Она выбрала из корзинки ту фигу, которая казалась ей более свежей и душистой, надкусила ее и снова положила, надкушенную, сверху других. Затем она подошла к статуэтке богини, благоговейно зажгла лампадку и три раза прикоснулась лбом к статуэтке.
– Я готова, – сказала она.
Она надела вышитую тунику, складки которой падали до земли, опоясала талию длинным шелковым шнурком, который, перекрещиваясь на левой стороне, завязывался затем на правом боку свободным узлом с развевающимися концами. Так носили этот пояс девушки.
Она накинула сверху тонкий шерстяной плащ, бросила в зеркало довольный взгляд и вышла легкой и грациозной поступью, между тем как старая кормилица молча плакала, облокотившись на край кровати.
Глава III
Дом Гиппарха одиноко стоял на недалеком расстоянии от городской стены между Керамикой и садами Академии[8]. Это было настоящее гнездышко, утопавшее в зелени и в цветах.
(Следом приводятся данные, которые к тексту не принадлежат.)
(* Let $P,R\in\mathrm{Sym}(n,\mathbb{R})$, $Q\in\mathrm{Mat}(n,\mathbb{R})$ with $\langle Pv,v\rangle\ge C_1|v|^2$ for some $C_1>0$ and all $v$. For $\lambda\in\mathbb{R}$ let $B_\lambda=\begin{bmatrix}P^{-1}&-P^{-1}Q\\-Q^TP^{-1}&Q^TP^{-1}Q-R-\lambda I_n\end{bmatrix}$ and $J=\begin{bmatrix}0&-I_n\\ I_n&0\end{bmatrix}$. If $JB_0$ is hyperbolic, then $JB_\lambda$ is hyperbolic for every $\lambda\ge0$.
   Context: A real matrix is hyperbolic if it has no eigenvalue on the imaginary axis. *)

theory Defs
  imports "Jordan_Normal_Form.Jordan_Normal_Form" "Jordan_Normal_Form.Gauss_Jordan_Elimination"
begin

definition hyperbolic :: "real mat \<Rightarrow> bool" where
  "hyperbolic A \<longleftrightarrow> \<not> (\<exists>\<mu>::complex. Re \<mu> = 0 \<and> eigenvalue (map_mat complex_of_real A) \<mu>)"

definition J_mat :: "nat \<Rightarrow> real mat" where
  "J_mat n = four_block_mat (0\<^sub>m n n) (- 1\<^sub>m n) (1\<^sub>m n) (0\<^sub>m n n)"

definition B_mat :: "nat \<Rightarrow> real mat \<Rightarrow> real mat \<Rightarrow> real mat \<Rightarrow> real \<Rightarrow> real mat" where
  "B_mat n P Q R l = (let Pi = the (mat_inverse P) in
     four_block_mat Pi (- (Pi * Q))
                    (- (transpose_mat Q * Pi)) (transpose_mat Q * Pi * Q - R - l \<cdot>\<^sub>m 1\<^sub>m n))"

end

theory Submission
  imports Defs
begin

text \<open>An eigenvector \<open>(x, y)\<close> of \<open>J B\<^sub>\<lambda>\<close> for an imaginary eigenvalue \<open>i\<omega>\<close> satisfies
  \<open>x = Q y + i\<omega> P y\<close>, and eliminating \<open>x\<close> leaves \<open>H(\<omega>) y = -\<lambda> y\<close> with the Hermitian matrix
  \<open>H(\<omega>) = \<omega>\<^sup>2 P + R + i\<omega> (Q\<^sup>T - Q)\<close>; conversely every such \<open>y \<noteq> 0\<close> gives an eigenvector.
  Hyperbolicity of \<open>J B\<^sub>0\<close> therefore says that \<open>H(\<omega>)\<close> is nonsingular for every real \<open>\<omega>\<close>.
  As \<open>P\<close> is positive definite, so is \<open>H(\<omega>)\<close> for large \<open>\<omega>\<close>. The set of \<open>\<omega>\<close> where
  \<open>H(\<omega>)\<close> is positive definite is open, and so is the set where it is not positive
  semidefinite; by nonsingularity these two sets cover \<open>\<real>\<close>, so by connectedness \<open>H(\<omega>)\<close> is
  positive definite for all \<open>\<omega>\<close>, and \<open>-\<lambda> \<le> 0\<close> cannot be one of its eigenvalues.\<close>

section \<open>Vectors and quadratic forms\<close>

lemma smult_mat_mult_mat_vec:
  assumes "A \<in> carrier_mat nr nc" and "v \<in> carrier_vec nc"
  shows "(k \<cdot>\<^sub>m A) *\<^sub>v v = k \<cdot>\<^sub>v (A *\<^sub>v v)"
  using assms by (intro eq_vecI) (auto simp: scalar_prod_def sum_distrib_left mult.assoc)

lemma transpose_smult_mat: "transpose_mat (k \<cdot>\<^sub>m A) = k \<cdot>\<^sub>m transpose_mat A"
  by (intro eq_matI) auto

lemma smult_append_vec: "c \<cdot>\<^sub>v (a @\<^sub>v b) = (c \<cdot>\<^sub>v a) @\<^sub>v (c \<cdot>\<^sub>v b)"
  by (auto simp: vec_eq_iff)

lemma zero_append_vec_zero: "0\<^sub>v n @\<^sub>v 0\<^sub>v k = 0\<^sub>v (n + k)"
  by (auto simp: vec_eq_iff)

lemma vec_eq_iff_componentwise:
  assumes "a \<in> carrier_vec n" "b \<in> carrier_vec n" "c \<in> carrier_vec n" "d \<in> carrier_vec n"
    and "\<And>i. i < n \<Longrightarrow> a $ i = b $ i \<longleftrightarrow> c $ i = d $ i"
  shows "a = b \<longleftrightarrow> c = d"
  using assms by (auto simp: vec_eq_iff)

lemma append_vec_eq_0_iff:
  assumes "x \<in> carrier_vec n" and "y \<in> carrier_vec k"
  shows "x @\<^sub>v y = 0\<^sub>v (n + k) \<longleftrightarrow> x = 0\<^sub>v n \<and> y = 0\<^sub>v k"
  using assms by (metis append_vec_eq zero_append_vec_zero zero_carrier_vec)

definition mat_abs_sum :: "real mat \<Rightarrow> real" where
  "mat_abs_sum M = (\<Sum>i<dim_row M. \<Sum>j<dim_col M. \<bar>M $$ (i, j)\<bar>)"

definition pos_semidef :: "nat \<Rightarrow> real mat \<Rightarrow> bool" where
  "pos_semidef m N \<longleftrightarrow> (\<forall>z \<in> carrier_vec m. 0 \<le> z \<bullet> (N *\<^sub>v z))"

definition coercive :: "nat \<Rightarrow> real mat \<Rightarrow> bool" where
  "coercive m N \<longleftrightarrow> (\<exists>c > 0. \<forall>z \<in> carrier_vec m. c * (z \<bullet> z) \<le> z \<bullet> (N *\<^sub>v z))"

lemma mat_abs_sum_nonneg: "0 \<le> mat_abs_sum M"
  unfolding mat_abs_sum_def by (intro sum_nonneg) auto

lemma scalar_prod_self_nonneg: "0 \<le> (v :: real vec) \<bullet> v"
  using conjugate_square_ge_0_vec[of v] by simp

lemma scalar_prod_self_eq_0_iff: "(v :: real vec) \<in> carrier_vec n \<Longrightarrow> v \<bullet> v = 0 \<longleftrightarrow> v = 0\<^sub>v n"
  using conjugate_square_eq_0_vec[of v n] by simp

lemma abs_index_le_sqrt_scalar_prod_self:
  assumes "i < dim_vec (v :: real vec)"
  shows "\<bar>v $ i\<bar> \<le> sqrt (v \<bullet> v)"
proof -
  have "(v $ i)\<^sup>2 \<le> (\<Sum>j \<in> {0..<dim_vec v}. v $ j * v $ j)"
    unfolding power2_eq_square using assms by (intro member_le_sum) auto
  then show ?thesis
    unfolding scalar_prod_def by (simp add: real_le_rsqrt)
qed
Крытое красной черепицей одноэтажное здание широко раскинулось в тени платанов и высоких смоковниц. Маленький ручеек, часто пересыхавший во время летней жары, тихо струился под зарослями ирисов и камышей. Дикий шиповник цвел по его берегам, а осенью покрывался красными мягкими ягодами, которые клевали певчие дрозды.
Главный вход в дом приходился как раз против одной аллеи из кипарисов, темные стволы которых переплетались на все лады под густым сводом зелени. Как во всех загородных постройках того времени, доступ к дому был обнесен тройной загородкой. Во-первых, желтые и черные алоэ, простирая во все стороны свои твердые и колючие листья, похожие на мечи, затрудняли доступ к нему животным и людям. Затем следовала живая изгородь из молочая с розовыми цветами, приторный и ядовитый запах которого не допускал змей. Наконец, вечнозеленые лавры и мирты образовывали за молочайником непроницаемую завесу.
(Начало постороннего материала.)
lemma arith_prog_odd_part_in_closure:
  assumes d: "kirch_basic x d" and "odd x" "D dvd d" "d dvd 2 * D"
  shows "arith_prog (x + D) D \<subseteq> KT closure_of arith_prog x d"
proof
  fix v assume v: "v \<in> arith_prog (x + D) D"
  have "v \<ge> 1" using arith_prog_ge[OF v] d by (simp add: kirch_basic_def)
  show "v \<in> KT closure_of arith_prog x d"
  proof (rule in_closure_arith_prog[OF d \<open>v \<ge> 1\<close>])
    fix p assume p: "prime p" "p dvd d" "\<not> p dvd v"
    show "v mod p = x mod p"
    proof (cases "p = 2")
      case True
      then show ?thesis using p(3) \<open>odd x\<close> by (simp add: odd_iff_mod_2_eq_one)
    next
      case False
      have "p dvd 2 * D" using p(2) assms(4) by (rule dvd_trans)
      moreover have "\<not> p dvd 2" using False p(1) primes_dvd_imp_eq two_is_prime_nat by blast
      ultimately have "p dvd D" using p(1) prime_dvd_mult_iff by blast
      have "v mod p = (x + D) mod p" using arith_prog_mod[OF v \<open>p dvd D\<close>] .
      also have "\<dots> = x mod p" using \<open>p dvd D\<close> by (simp add: mod_add_right_eq[symmetric])
      finally show ?thesis .
    qed
  qed
qed

lemma squarefree_odd_part:
  fixes d :: nat
  assumes "squarefree d"
  obtains D where "odd D" "D dvd d" "d dvd 2 * D"
proof (cases "even d")
  case True
  then obtain D where dD: "d = 2 * D" by (rule evenE)
  have "odd D"
  proof
    assume "even D"
    then obtain k where "D = 2 * k" by (rule evenE)
    then have "2 ^ 2 dvd d" using dD by simp
    then show False using squarefreeD[OF assms, of 2] by simp
  qed
  then show ?thesis using that dD by simp
next
  case False
  then show ?thesis using that by simp
qed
Конон пришел раньше назначенного времени. Безмолвный дом еще спал среди дневной жары.
Он толкнул дверь и вошел. Звяканье цепи, ударившейся о половинку двери, обратило на себя внимание почти голого ребенка, игравшего с большой собакой в золотистом песке на одной из аллей. Ребенок с минуту смотрел с удивлением, а затем вскочил и бросился бежать домой, крича испуганным голосом: «Мама! Мама!»
Собака с лаем побежала за ним. На крики ребенка и лай собаки из дома вышла молодая женщина и остановилась на пороге. Она была одета с изящной простотой. Широкополая соломенная шляпа защищала ее от солнца. Ее туника, слегка приподнятая с правого бока, способствовала стройности и легкости ее походки.
– Ренайя, – сказал Конон.
– Ренайя, – отвечала она, счастливая, что может оказать радушный прием другу своего мужа.
Она своими тонкими пальчиками взяла молодого воина за руку и повела его к стоявшей неподалеку каменной скамье, которую виноградные листья наполовину закрывали своими пурпуровыми фестонами.
– Сядем здесь, – сказала она и, обращаясь к ребенку, прибавила: – Гиппарх в мастерской. Сходи за ним.
– Ренайя, неужели это твой ребенок?
Она отвечала звучным голосом, в котором слышалась улыбка:
– Это мой брат. Мать умерла, произведя его на свет. Ему шесть лет, а мне девятнадцать. Но он называет меня мамой, потому что он никогда не расставался со мной, и я одна забочусь о нем. Моему сыну, ребенку Гиппарха, всего три месяца. Он теперь спит. Я принесу его сейчас показать тебе.
– Гиппарх говорил тебе…
– Да, – перебила Ренайя, – я знаю о вашем вчерашнем приключении. Поэтому я писала сегодня утром Эринне, что жду ее к себе к полднику.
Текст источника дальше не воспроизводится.